**Recorded data:**
========================================================================
lemma displacement_move:
  assumes "g \<in> carrier G" "x \<in> carrier G" "y \<in> carrier G"
  shows "D g y \<le> D g x + 2 * d x y"
proof -
  have "d y (g \<otimes> y) \<le> d y x + d x (g \<otimes> x) + d (g \<otimes> x) (g \<otimes> y)"
    using word_dist_triangle[of y x "g \<otimes> y"] word_dist_triangle[of x "g \<otimes> x" "g \<otimes> y"] assms by auto
  then show ?thesis
    unfolding displacement_def using word_dist_left_mult[of g x y] word_dist_sym[of y x] assms by auto
qed

lemma displacement_inv:
  assumes "g \<in> carrier G" "x \<in> carrier G"
  shows "D (inv g) x = D g x"
proof -
  have "d x (inv g \<otimes> x) = d (g \<otimes> x) (g \<otimes> (inv g \<otimes> x))"
    using word_dist_left_mult assms by simp
  also have "\<dots> = d x (g \<otimes> x)"
    using assms word_dist_sym by (simp add: m_assoc[symmetric])
  finally show ?thesis
    unfolding displacement_def .
qed

lemma word_dist_pow_le:
  assumes "g \<in> carrier G" "x \<in> carrier G"
  shows "d x (g [^] k \<otimes> x) \<le> real k * D g x"
proof (induct k)
  case 0
  then show ?case using assms word_dist_self by simp
next
  case (Suc k)
  have "d x (g [^] Suc k \<otimes> x) \<le> d x (g [^] k \<otimes> x) + d (g [^] k \<otimes> x) (g [^] k \<otimes> (g \<otimes> x))"
    using word_dist_triangle assms by (simp add: m_assoc)
  also have "d (g [^] k \<otimes> x) (g [^] k \<otimes> (g \<otimes> x)) = D g x"
    unfolding displacement_def using word_dist_left_mult assms by simp
  finally show ?case
    using Suc by (simp add: algebra_simps)
qed

lemma gromov_product_sym: "x \<in> carrier G \<Longrightarrow> y \<in> carrier G \<Longrightarrow> gp w x y = gp w y x"
  unfolding gromov_product_def using word_dist_sym[of x y] by simp

lemma gromov_product_left_mult:
  "g \<in> carrier G \<Longrightarrow> w \<in> carrier G \<Longrightarrow> x \<in> carrier G \<Longrightarrow> y \<in> carrier G \<Longrightarrow>
    gp (g \<otimes> w) (g \<otimes> x) (g \<otimes> y) = gp w x y"
  unfolding gromov_product_def by (simp add: word_dist_left_mult)

lemma gromov_product_self: "x \<in> carrier G \<Longrightarrow> gp x x y = 0"
  unfolding gromov_product_def by (simp add: word_dist_self)

lemma gromov_product_swap_add:
  "x \<in> carrier G \<Longrightarrow> y \<in> carrier G \<Longrightarrow> z \<in> carrier G \<Longrightarrow> gp y x z + gp x y z = d x y"
  unfolding gromov_product_def using word_dist_sym[of x y] word_dist_sym[of x z] word_dist_sym[of y z]
  by (simp add: field_simps)

lemma displacement_le_transl_length:
  assumes R: "\<And>g. g \<in> carrier G \<Longrightarrow> wl g \<le> R * word_length G S' g"
    and \<gamma>: "\<gamma> \<in> carrier G" and C: "transl_length G S' \<gamma> \<le> C"
  shows "\<exists>p\<in>carrier G. D \<gamma> p \<le> real (R * C)"
proof -
  obtain g where g: "g \<in> carrier G" "word_length G S' (g \<otimes> \<gamma> \<otimes> inv g) = transl_length G S' \<gamma>"
    by (rule transl_length_attained)
  have "wl (g \<otimes> \<gamma> \<otimes> inv g) \<le> R * transl_length G S' \<gamma>"
    using R[of "g \<otimes> \<gamma> \<otimes> inv g"] g \<gamma> by simp
  also have "\<dots> \<le> R * C"
    using C by (rule mult_le_mono2)
  finally have "wl (g \<otimes> \<gamma> \<otimes> inv g) \<le> R * C" .
  then have "real (wl (g \<otimes> \<gamma> \<otimes> inv g)) \<le> real (R * C)"
    by (rule of_nat_mono)
  moreover have "D \<gamma> (inv g) = real (wl (g \<otimes> \<gamma> \<otimes> inv g))"
    using displacement_eq_word_length[of \<gamma> "inv g"] g \<gamma> by simp
  ultimately have "D \<gamma> (inv g) \<le> real (R * C)"
    by linarith
  then show ?thesis
    using g(1) by blast
qed

lemma bounded_displacement_imp_out_equiv:
  fixes \<phi> :: "'i \<Rightarrow> 'a \<Rightarrow> 'a"
  assumes S: "finite S" and T: "finite T" "T \<subseteq> carrier G" "generate G T = carrier G"
    and "infinite (UNIV :: 'i set)"
    and hom: "\<And>n. \<phi> n \<in> hom G G"
    and bounded: "\<And>n. \<exists>x\<in>carrier G. \<forall>s\<in>T. D (\<phi> n s) x \<le> K"
  obtains m n where "m \<noteq> n" "out_equiv G (\<phi> m) (\<phi> n)"
proof -
  have "\<forall>n. \<exists>x. x \<in> carrier G \<and> (\<forall>s\<in>T. D (\<phi> n s) x \<le> K)"
    using bounded by blast
  from choice[OF this] obtain X where X: "\<And>n. X n \<in> carrier G" "\<And>n s. s \<in> T \<Longrightarrow> D (\<phi> n s) (X n) \<le> K"
    by blast
  \<comment> \<open>Pigeonhole: conjugating by \<open>X n\<close> maps \<open>T\<close> into a fixed finite ball.\<close>
  define ball where "ball = {g \<in> carrier G. wl g \<le> nat \<lceil>K\<rceil>}"
  define F where "F n = (\<lambda>s\<in>T. inv (X n) \<otimes> \<phi> n s \<otimes> X n)" for n
  have "F n \<in> T \<rightarrow>\<^sub>E ball" for n
  proof -
    have "inv (X n) \<otimes> \<phi> n s \<otimes> X n \<in> ball" if s: "s \<in> T" for s
    proof -
      have \<phi>s: "\<phi> n s \<in> carrier G"
        using hom_in_carrier[OF hom] s T(2) by blast
      then have "real (wl (inv (X n) \<otimes> \<phi> n s \<otimes> X n)) \<le> real (nat \<lceil>K\<rceil>)"
        using X(2)[OF s, of n] displacement_eq_word_length[OF \<phi>s X(1)[of n]] real_nat_ceiling_ge[of K]
        by linarith
      then show ?thesis
        unfolding ball_def using X(1) \<phi>s by simp
    qed
    then show ?thesis
      unfolding F_def by simp
  qed
  then have "range F \<subseteq> T \<rightarrow>\<^sub>E ball"
    by blast
  moreover have "finite (T \<rightarrow>\<^sub>E ball)"
    unfolding ball_def by (rule finite_PiE[OF T(1) finite_word_length_le[OF S]])
  ultimately have "finite (range F)"
    by (rule finite_subset)
  have "\<not> inj F"
  proof
    assume "inj F"
    then have "finite (UNIV :: 'i set)"
      using \<open>finite (range F)\<close> by (simp add: finite_image_iff)
    then show False
      using \<open>infinite (UNIV :: 'i set)\<close> by blast
  qed
  then obtain m n where "m \<noteq> n" "F m = F n"
    unfolding inj_def by blast
  moreover have "out_equiv G (\<phi> m) (\<phi> n)"
  proof (rule out_equiv_if_conjugates_agree[OF hom hom X(1)[of m] X(1)[of n] T(2,3)])
    fix s assume "s \<in> T"
    then show "inv (X m) \<otimes> \<phi> m s \<otimes> X m = inv (X n) \<otimes> \<phi> n s \<otimes> X n"
      using fun_cong[OF \<open>F m = F n\<close>, of s] unfolding F_def by simp
  qed
  ultimately show ?thesis
    using that by blast
qed

end

lemma word_length_comparison:
  assumes "word_metric G S" "word_metric G S'" "finite S"
  obtains R :: nat where "\<And>g. g \<in> carrier G \<Longrightarrow> word_length G S' g \<le> R * word_length G S g"
proof -
  interpret W: word_metric G S by fact
  interpret W': word_metric G S' by fact
  define R where "R = (\<Sum>l\<in>W.letters. W'.wl l)"
  have letter_bound: "W'.wl l \<le> R" if "l \<in> W.letters" for l
    unfolding R_def using member_le_sum[OF that, of W'.wl] assms(3) by simp
  have word_bound: "W'.wl (W.word_prod ws) \<le> R * length ws" if "set ws \<subseteq> W.letters" for ws
    using that
  proof (induct ws)
    case Nil
    then show ?case using W'.word_length_one by simp
  next
    case (Cons a ws)
    then have "a \<in> carrier G" "set ws \<subseteq> carrier G"
      using W.letters_closed by auto
    then have "W'.wl (W.word_prod (a # ws)) \<le> W'.wl a + W'.wl (W.word_prod ws)"
      using W'.word_length_mult W.word_prod_closed by simp
    then show ?case
      using Cons letter_bound[of a] by simp
  qed
  show ?thesis
  proof (rule that)
    fix g assume "g \<in> carrier G"
    then obtain ws where "length ws = W.wl g" "set ws \<subseteq> W.letters" "W.word_prod ws = g"
      by (rule W.word_length_attained)
    then show "W'.wl g \<le> R * W.wl g"
      using word_bound[of ws] by simp
  qed
qed

section \<open>Hyperbolic word metrics\<close>

primrec alternating_product :: "('a, 'b) monoid_scheme \<Rightarrow> 'a \<Rightarrow> 'a \<Rightarrow> nat \<Rightarrow> 'a" where
  "alternating_product G a b 0 = \<one>\<^bsub>G\<^esub>"
| "alternating_product G a b (Suc n) = alternating_product G a b n \<otimes>\<^bsub>G\<^esub> (if even n then a else b)"

lemma (in group) alternating_product_closed:
  "a \<in> carrier G \<Longrightarrow> b \<in> carrier G \<Longrightarrow> alternating_product G a b n \<in> carrier G"
  by (induct n) auto

lemma (in group) alternating_product_double:
  assumes "a \<in> carrier G" "b \<in> carrier G"
  shows "alternating_product G a b (2 * k) = (a \<otimes> b) [^] k"
  by (induct k) (simp_all add: assms m_assoc alternating_product_closed)

locale hyperbolic_word_metric = word_metric +
  fixes \<delta> :: real
  assumes four_point: "\<And>w x y z. w \<in> carrier G \<Longrightarrow> x \<in> carrier G \<Longrightarrow> y \<in> carrier G \<Longrightarrow> z \<in> carrier G \<Longrightarrow>
     gp w x z \<ge> min (gp w x y) (gp w y z) - \<delta>"
begin

lemma delta_nonneg: "0 \<le> \<delta>"
  using four_point[of \<one> \<one> \<one> \<one>] gromov_product_self[of \<one>] by simp

context
  fixes y :: "nat \<Rightarrow> 'a" and A c :: real
  assumes chain_closed: "\<And>i. y i \<in> carrier G"
    and long_steps: "\<And>i. A \<le> d (y i) (y (Suc i))"
    and small_angles: "\<And>i. gp (y (Suc i)) (y i) (y (Suc (Suc i))) \<le> c"
    and c_nonneg: "0 \<le> c" and A_large: "2 * c + 2 * \<delta> < A"
begin

lemma chain_gromov_product_le: "gp (y n) (y 0) (y (Suc n)) \<le> c + \<delta>"
proof (induct n)
  case 0
  then show ?case using gromov_product_self chain_closed c_nonneg delta_nonneg by simp
next
  case (Suc n)
  have "gp (y (Suc n)) (y n) (y 0) + gp (y n) (y (Suc n)) (y 0) = d (y n) (y (Suc n))"
    using gromov_product_swap_add chain_closed by blast
  moreover have "gp (y n) (y (Suc n)) (y 0) = gp (y n) (y 0) (y (Suc n))"
    using gromov_product_sym chain_closed by blast
  ultimately have "gp (y (Suc n)) (y n) (y 0) \<ge> A - c - \<delta>"
    using long_steps[of n] Suc by linarith
  moreover have "gp (y (Suc n)) (y n) (y (Suc (Suc n))) \<ge>
      min (gp (y (Suc n)) (y n) (y 0)) (gp (y (Suc n)) (y 0) (y (Suc (Suc n)))) - \<delta>"
    using four_point chain_closed by blast
  ultimately show ?case
    using small_angles[of n] A_large by (simp add: min_def split: if_splits)
qed

lemma chain_dist_ge: "real n * (A - 2 * c - 2 * \<delta>) \<le> d (y 0) (y n)"
proof (induct n)
  case 0
  then show ?case using word_dist_nonneg by simp
next
  case (Suc n)
  have "d (y 0) (y (Suc n)) = d (y n) (y 0) + d (y n) (y (Suc n)) - 2 * gp (y n) (y 0) (y (Suc n))"
    unfolding gromov_product_def by (simp add: field_simps)
  then show ?case
    using chain_gromov_product_le[of n] long_steps[of n] Suc word_dist_sym[of "y n" "y 0"] chain_closed
    by (simp add: algebra_simps)
qed

end

lemma ping_pong_dist_ge:
  assumes ab: "a \<in> carrier G" "b \<in> carrier G" and x: "x \<in> carrier G"
    and Aa: "A \<le> D a x" and Ab: "A \<le> D b x"
    and c1: "gp x (inv a \<otimes> x) (b \<otimes> x) \<le> c" and c2: "gp x (inv b \<otimes> x) (a \<otimes> x) \<le> c"
    and c_nonneg: "0 \<le> c" and A_large: "2 * c + 2 * \<delta> < A"
  shows "real (2 * k) * (A - 2 * c - 2 * \<delta>) \<le> d x ((a \<otimes> b) [^] k \<otimes> x)"
proof -
  define h where "h = alternating_product G a b"
  define letter where "letter i = (if even (i::nat) then a else b)" for i
  define y where "y i = h i \<otimes> x" for i
  have h_closed: "h i \<in> carrier G" for i
    using alternating_product_closed ab h_def by blast
  have letter_closed: "letter i \<in> carrier G" for i
    using ab letter_def by simp
  have h_Suc: "h (Suc i) = h i \<otimes> letter i" for i
    unfolding h_def letter_def by simp
  have "A \<le> d (y i) (y (Suc i))" for i
  proof -
    have "d (y i) (y (Suc i)) = d (h i \<otimes> x) (h i \<otimes> (letter i \<otimes> x))"
      unfolding y_def h_Suc using h_closed letter_closed x by (simp add: m_assoc)
    also have "\<dots> = D (letter i) x"
      unfolding displacement_def using word_dist_left_mult h_closed letter_closed x by simp
    finally show ?thesis
      using Aa Ab letter_def by simp
  qed
  moreover have "gp (y (Suc i)) (y i) (y (Suc (Suc i))) \<le> c" for i
  proof -
    have "y i = h (Suc i) \<otimes> (inv (letter i) \<otimes> x)"
      unfolding y_def h_Suc using h_closed letter_closed x
      by (simp add: m_assoc[symmetric]) (simp add: m_assoc)
    moreover have "y (Suc (Suc i)) = h (Suc i) \<otimes> (letter (Suc i) \<otimes> x)"
      unfolding y_def using h_Suc[of "Suc i"] h_closed letter_closed x by (simp add: m_assoc)
    ultimately have "gp (y (Suc i)) (y i) (y (Suc (Suc i))) = gp x (inv (letter i) \<otimes> x) (letter (Suc i) \<otimes> x)"
      using gromov_product_left_mult h_closed letter_closed x by (simp add: y_def)
    then show ?thesis
      using c1 c2 letter_def by (cases "even i") auto
  qed
  moreover have "y i \<in> carrier G" for i
    using h_closed x y_def by simp
  ultimately have "real (2 * k) * (A - 2 * c - 2 * \<delta>) \<le> d (y 0) (y (2 * k))"
    using chain_dist_ge c_nonneg A_large by blast
  then show ?thesis
    unfolding y_def h_def using alternating_product_double ab x by simp
qed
========================================================================
**Work instructions:**
Where does the string "group" occur in the listing above? Return every line that contains it.

**Exercise response:**
lemma (in group) alternating_product_closed:
lemma (in group) alternating_product_double:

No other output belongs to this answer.